We sit at the dining table, passing potatoes and vegetables, and my 10-year-old son suddenly announces that Bryan and Maya* are having a baby. …
We all stare at him across the table.
“Who’re Brian and Maya?” my husband finally asks into the silence.
“Our neighbors,” my son says, exasperated. “The ones at the end, facing that way.” He makes a fluttering motion with his hand. He looks from one of us to another, waiting for a light of recognition, but when we all continue to stare blankly, he shakes his head and goes back to his potatoes. …
My son has become like the cruise director of our neighborhood. He knows who lives in each house, how many kids they have, what their dogs’ names are, and even when and where they go on vacation. He knows what all the adults do for a living, when they’re home, what kind of car they drive, and, in some cases, what they have for dinner on any given night.
At first, when he was 7 or 8, I used to tease him that he was like Dennis the Menace. Back then, he was the only young child in our little courtyard, and he’d go from garage to garage and say hi to all the adults who seemed to know him. Our neighbor at the end – a 19-year-old kid who always drove his car too fast – would actually stop at Target on his way home and buy Nathan sidewalk chalk from time to time. Another neighbor at the other end would let Nathan sit in his garage and wear his motorcycle helmet while he was tooling with the machine. The young marrieds next door would invite him into their kitchen, where Cate would make guacamole for him and Justin would let him watch the work he was doing on an old BMW he was refurbishing on the weekends.
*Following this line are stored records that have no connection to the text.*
(* Let $\rho\in\mathbb N\cup\{\infty\}$ and let $D$ be a Van Kampen diagram over $X_\rho$ all of whose clusters are simply connected, non-complicated, and standardly filled. Then $\|D_{\mathrm{thick}}\|_\infty\le 6\,\mathrm{Area}(D)$.
   Context: Setting. $G=\langle S\mid\mathcal R\rangle$ is a finite presentation with $S$ finite symmetric and relators of length 2 or 3. $H_1,\dots,H_n\le G$, and $S_i\subset S$ is a finite symmetric generating set of $H_i$. Truncated relative presentation. For $\rho\in\mathbb N\cup\{\infty\}$, $\tilde H_i=\langle\tilde S_i\mid$ words of length $\le\rho$ over $S_i$ trivial in $H_i\rangle$, with $\tilde S_i$ a copy of $S_i$ and natural epimorphism $p_i$. Put $\hat S=S\sqcup\tilde H_1\sqcup\dots\sqcup\tilde H_n$, each element of $\tilde H_i$ being a letter. $X_\rho$ is the presentation of $G$ with generators $\hat S$ and relators: - $\mathcal R'$, consisting of $\mathcal R$ together with the words $\tilde s^{-1}p_i(\tilde s)$ for $\tilde s\in\tilde S_i$; - for each $i$, all words of at most 3 letters of $\tilde H_i$ with trivial product in $\tilde H_i$. Complexity. $\|s\|=1$ for $s\in S$. For $a\in\tilde H_i$, $\|a\|$ is the word length with respect to $\tilde S_i$. $\|\cdot\|_\infty$ of a subcomplex is the maximum edge-label complexity. $\mathrm{Area}(D)$ is the number of 2-cells. $D_{\mathrm{thick}}$ is the union of all 2-cells of $D$ and of all edges and vertices contained in the boundary of some 2-cell. Clusters. 2-cells have type $\mathcal R'$ or $\tilde H_i$ according to their relator. Cells of the same type $\tilde H_i$ sharing an edge are cluster-adjacent. A cluster is the closure of a class of the transitive closure of this relation. $\partial C$ is the union of the edges of $C$ lying in exactly one 2-cell of $C$. A cluster $C$ is complicated if $\partial C\cap\partial D$ contains at least two edges. A simply connected cluster with boundary labeled cyclically $a_1,\dots,a_m$ is standardly filled if it is the fan triangulation with $m-2$ triangles, all vertices on $\partial C$, and interior edges labeled by $a_1\cdots a_j\in\tilde H_i$ for $j\le m-2$. *)

theory Defs
  imports "HOL-Algebra.Algebra" "HOL-Library.Extended_Nat"
begin

text \<open>A signed word: a letter together with True (the letter) or False (its formal inverse).\<close>
type_synonym 'a sword = "('a \<times> bool) list"

definition pos_word :: "'a list \<Rightarrow> 'a sword" where
  "pos_word w = map (\<lambda>x. (x, True)) w"

definition inv_sw :: "'a sword \<Rightarrow> 'a sword" where
  "inv_sw w = rev (map (\<lambda>(x,b). (x, \<not> b)) w)"

inductive_set pres_step :: "'a set \<Rightarrow> 'a sword set \<Rightarrow> ('a sword \<times> 'a sword) set"
  for A :: "'a set" and Rs :: "'a sword set" where
  cancel: "x \<in> A \<Longrightarrow> (u @ [(x,b),(x,\<not>b)] @ v, u @ v) \<in> pres_step A Rs"
| relator: "r \<in> Rs \<Longrightarrow> (u @ r @ v, u @ v) \<in> pres_step A Rs"
| relator_inv: "r \<in> Rs \<Longrightarrow> (u @ inv_sw r @ v, u @ v) \<in> pres_step A Rs"

definition pres_eq :: "'a set \<Rightarrow> 'a sword set \<Rightarrow> ('a sword \<times> 'a sword) set" where
  "pres_eq A Rs = {(u,v). u \<in> lists (A \<times> UNIV) \<and> v \<in> lists (A \<times> UNIV) \<and>
      (u,v) \<in> (pres_step A Rs \<union> (pres_step A Rs)\<inverse>)\<^sup>*}"

definition sw_prod :: "('g, 'b) monoid_scheme \<Rightarrow> 'g sword \<Rightarrow> 'g" where
  "sw_prod G w = foldr (\<lambda>(x,b) y. (if b then x else inv\<^bsub>G\<^esub> x) \<otimes>\<^bsub>G\<^esub> y) w \<one>\<^bsub>G\<^esub>"

definition sym_subset :: "('g, 'b) monoid_scheme \<Rightarrow> 'g set \<Rightarrow> bool" where
  "sym_subset G A \<longleftrightarrow> (\<forall>x\<in>A. inv\<^bsub>G\<^esub> x \<in> A)"

definition finite_presentation :: "('g, 'b) monoid_scheme \<Rightarrow> 'g set \<Rightarrow> 'g list set \<Rightarrow> bool" where
  "finite_presentation G S R \<longleftrightarrow>
     group G \<and> finite S \<and> S \<subseteq> carrier G \<and> sym_subset G S \<and> finite R \<and>
     (\<forall>r\<in>R. set r \<subseteq> S \<and> (length r = 2 \<or> length r = 3) \<and> sw_prod G (pos_word r) = \<one>\<^bsub>G\<^esub>) \<and>
     generate G S = carrier G \<and>
     (\<forall>w\<in>lists (S \<times> UNIV). sw_prod G w = \<one>\<^bsub>G\<^esub> \<longrightarrow> (w, []) \<in> pres_eq S (pos_word ` R))"

text \<open>Relators of \<open>\<tilde>H_i\<close>: words of length at most rho over \<open>S_i\<close> trivial in \<open>H_i\<close> (i.e. in G).
  The generator \<open>\<tilde>s\<close> of \<open>\<tilde>H_i\<close> is represented by s itself.\<close>
definition tRel :: "('g, 'b) monoid_scheme \<Rightarrow> (nat \<Rightarrow> 'g set) \<Rightarrow> enat \<Rightarrow> nat \<Rightarrow> 'g sword set" where
  "tRel G Ss rho i = {pos_word w | w. w \<in> lists (Ss i) \<and> enat (length w) \<le> rho \<and>
                                   sw_prod G (pos_word w) = \<one>\<^bsub>G\<^esub>}"

definition tEq :: "('g, 'b) monoid_scheme \<Rightarrow> (nat \<Rightarrow> 'g set) \<Rightarrow> enat \<Rightarrow> nat \<Rightarrow> ('g sword \<times> 'g sword) set" where
  "tEq G Ss rho i = pres_eq (Ss i) (tRel G Ss rho i)"

text \<open>Elements of \<open>\<tilde>H_i\<close> are equivalence classes of signed words over \<open>\<tilde>S_i\<close>.\<close>
definition tcarrier :: "('g, 'b) monoid_scheme \<Rightarrow> (nat \<Rightarrow> 'g set) \<Rightarrow> enat \<Rightarrow> nat \<Rightarrow> 'g sword set set" where
  "tcarrier G Ss rho i = lists (Ss i \<times> UNIV) // tEq G Ss rho i"

definition tclass :: "('g, 'b) monoid_scheme \<Rightarrow> (nat \<Rightarrow> 'g set) \<Rightarrow> enat \<Rightarrow> nat \<Rightarrow> 'g sword \<Rightarrow> 'g sword set" where
  "tclass G Ss rho i w = tEq G Ss rho i `` {w}"

definition tprod :: "('g, 'b) monoid_scheme \<Rightarrow> (nat \<Rightarrow> 'g set) \<Rightarrow> enat \<Rightarrow> nat \<Rightarrow> 'g sword set list \<Rightarrow> 'g sword set" where
  "tprod G Ss rho i as = tEq G Ss rho i `` {concat ws | ws. list_all2 (\<in>) ws as}"

definition tinv :: "'g sword set \<Rightarrow> 'g sword set" where
  "tinv a = inv_sw ` a"

definition tlen :: "'g sword set \<Rightarrow> nat" where
  "tlen a = (LEAST k. \<exists>w\<in>a. length w = k)"

text \<open>Letters of \<open>\<hat>S\<close>: SL s for s in S, HL i a for a in \<open>\<tilde>H_i\<close>.\<close>
datatype 'g hletter = SL 'g | HL nat "'g sword set"

definition Shat :: "('g, 'b) monoid_scheme \<Rightarrow> 'g set \<Rightarrow> (nat \<Rightarrow> 'g set) \<Rightarrow> enat \<Rightarrow> nat \<Rightarrow> 'g hletter set" where
  "Shat G S Ss rho n = SL ` S \<union> {HL i a | i a. i \<in> {1..n} \<and> a \<in> tcarrier G Ss rho i}"

definition cx :: "'g hletter \<Rightarrow> nat" where
  "cx x = (case x of SL s \<Rightarrow> 1 | HL i a \<Rightarrow> tlen a)"

definition Rprime :: "('g, 'b) monoid_scheme \<Rightarrow> 'g list set \<Rightarrow> (nat \<Rightarrow> 'g set) \<Rightarrow> enat \<Rightarrow> nat \<Rightarrow> 'g hletter list set" where
  "Rprime G R Ss rho n = {map SL r | r. r \<in> R} \<union>
     {[HL i (tclass G Ss rho i [(s, False)]), SL s] | i s. i \<in> {1..n} \<and> s \<in> Ss i}"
This summer, however, we have an explosion of new families and new children, and now the courtyard is filled with kids who are all in single digits, all riding bikes and scooters and squealing with water balloons and sidewalk chalk. Nathan is actually the oldest. Now he’s less like Dennis the Menace and more like the cruise director. If he’s inside, our doorbell rings every 15 minutes with another child asking if he’ll come play. Last weekend, one adult neighbor came over and brought our family a Tupperware container of salsa “that Nathan always likes,” and another came over late on Saturday to bring us an entire pan of barbecue ribs “because Nathan missed the neighborhood cookout.”
Chris and I have been woefully uninvolved neighbors for the last several years. We were really friendly and active in courtyard barbecues in the early days – when we first moved in 13 years ago, and every family on our street had a child under 5 – but since then, the old families have moved out, and we just haven’t had the energy to keep introducing ourselves to the new ones. I’m truly happy for the other young marrieds on our block when they become friends with each other – I think it’s important when you’re first starting out. But now we’re like the “old ones” at the end, and just keep to ourselves. (Our oldest child says, “We’ve become that family.”)
But Nathan changes that for all of us. He’s our good-will ambassador. Everyone knows him and, by association, they’re all really nice to us. We’re Nathan’s mom, Nathan’s dad, Nathan’s brother and Nathan’s sister. …
But the kid is always teaching me something new about myself. And now I’m learning that I’ve become pretty unfriendly over the years. I fall into the comfort of old friends, family, former coworkers, friends from high school – people I’ve known forever and who fill my life. But that familiar comfort also makes me closed off to new acquaintances more often than not, and I really should knock it off.
Maybe I’ll go introduce myself when I return the Tupperware container and rib pan. … Maybe we’ll even join the next courtyard barbecue. …
How about you? Are you less open to new friends as you get older? Or maybe more?
*All names changed to protect the don’t-want-to-be-Googled. …
I think that is so cool that Nathan is so “connected” to his neighborhood! He is the one that all the little kids are gonna remember when they get older and he has gone off to college and married – and the one that all the parents are gonna want their kids to be like! I love it =) As for you being the “old” couple that keeps to themselves…that’s ok. I think when we are younger we are looking for people to share advise or maybe someone to make play dates with, etc. I know the older I get, the less I go out. I find myself just comfortable being home. Of course, working a lot doesn’t help either! At least the neighbors all know you aren’t the creepy people to not get halloween candy from…you are all good by association, right!!